А меня злит эта неизменная покорность, эта терпеливость отца, словно он в чем-то втайне чувствует себя виноватым перед Иваном.
В последние дни мы с отцом пристрастились к рыбалке. Рано-рано, когда в избе все еще спят, меня будит ласковое прикосновение его большой мягкой руки. В сенях мы берем плетеную корзинку, ведро и, поеживаясь на холодку, выходим на проселок.

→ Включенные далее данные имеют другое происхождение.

lemma ex_lattice_hom_functional_ge_on_decreasing:
  assumes "\<And>j. \<eta> \<le> norm (D j)"
  shows "\<exists>\<phi>. lattice_hom_functional \<phi> \<and> (\<forall>x. \<bar>\<phi> x\<bar> \<le> norm x) \<and> (\<forall>j. \<eta> \<le> \<phi> (D j))"
proof -
  have gauge_le: "tail_gauge D x \<le> norm (pprt x)" for x using tail_gauge_le[of 0 x 0] by simp
  obtain \<phi> where \<phi>: "lattice_hom_functional \<phi>" "\<And>x. \<phi> x \<le> tail_gauge D x"
  proof (rule exE[OF ex_lattice_hom_functional_le[OF sublinear_lattice_functional_tail_gauge]])
    show "tail_gauge D (- w) \<le> 0" if "0 \<le> w" for w using gauge_le[of "- w"] that by simp
  qed blast
  have \<phi>_neg: "\<phi> (- x) = - \<phi> x" for x using \<phi>(1) by (simp add: lattice_hom_functional_def linear_neg)
  have "\<bar>\<phi> x\<bar> \<le> norm x" for x
    using \<phi>(2)[of x] \<phi>(2)[of "- x"] gauge_le[of x] gauge_le[of "- x"]
      norm_pprt_le[of x] norm_pprt_le[of "- x"]
    by (simp add: \<phi>_neg)
  moreover have "\<eta> \<le> \<phi> (D j)" for j
  proof -
    have "\<phi> (- D j) \<le> - m" using \<phi>(2)[of "- D j"] tail_gauge_le[of 1 "- D j" j] by simp
    moreover have "\<eta> \<le> m" using assms by (intro cINF_greatest) auto
    ultimately show ?thesis by (simp add: \<phi>_neg)
  qed
  ultimately show ?thesis using \<phi>(1) by blast
qed

end

lemma ex_norming_lattice_hom_functional:
  fixes x :: "'a::am_space"
  shows "\<exists>\<phi>. lattice_hom_functional \<phi> \<and> (\<forall>y. \<bar>\<phi> y\<bar> \<le> norm y) \<and> \<bar>\<phi> x\<bar> = norm x"
proof -
  obtain \<phi> where \<phi>: "lattice_hom_functional \<phi>" "\<And>y. \<bar>\<phi> y\<bar> \<le> norm y" "norm x \<le> \<phi> (lmod x)"
    using ex_lattice_hom_functional_ge_on_decreasing[of "\<lambda>_. lmod x" "norm x"]
    by (auto simp: lmod_nonneg norm_lmod)
  then show ?thesis by (metis lattice_hom_functional_lmod order.antisym)
qed

section \<open>Positive functionals\<close>

definition positive_functional :: "('a::banach_lattice \<Rightarrow> real) \<Rightarrow> bool" where
  "positive_functional P \<longleftrightarrow> bounded_linear P \<and> (\<forall>x. 0 \<le> x \<longrightarrow> 0 \<le> P x)"

lemma positive_functional_mono:
  assumes P: "positive_functional P" and "x \<le> y"
  shows "P x \<le> P y"
proof -
  have "0 \<le> P (y - x)" using assms unfolding positive_functional_def by simp
  also have "P (y - x) = P y - P x"
    using P unfolding positive_functional_def by (simp add: linear_diff bounded_linear.linear)
  finally show ?thesis by simp
qed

Отец неторопливо идет позади меня. Оглядываясь, я вижу его начинающую грузнеть, с устало опущенными плечами фигуру, задумчивое лицо, с которого никогда, даже в минуты веселья, не сходит выражение озабоченности и печали. Отцу уже за сорок, и жизнь его не была легкой. В молодости пять лет провел он в армии, из них два года на фронте, воевал с немцами, потом с беляками. Был контужен. Ел воблу без хлеба, носил отрепья. При нэпе поселился в городе, женился, устроился продавцом в магазине, стал обживаться, купил хромовые сапоги и брюки-галифе, а тут несчастье: в магазине обнаружилась недостача, отца оболгали сослуживцы, и он, честный до щепетильности, пошел в тюрьму, как жулик и хапуга. Я смутно помню, как однажды мать взяла меня с собой на свидание с ним. Помню пустую комнату с решетками на окнах, бледное лицо отца, его горькую, жалкую улыбку...
В этом году зреет на полях рожь невиданной густоты, неслыханной высоты. Я отбегаю в сторону и тотчас скрываюсь с головой в ржаных, колеблемых ветерком волнах. А ведь мне осенью будет пятнадцать, и парень я рослый. — Вернись! — тихо, но твердо окликает меня отец. — Помнешь хлеба-то...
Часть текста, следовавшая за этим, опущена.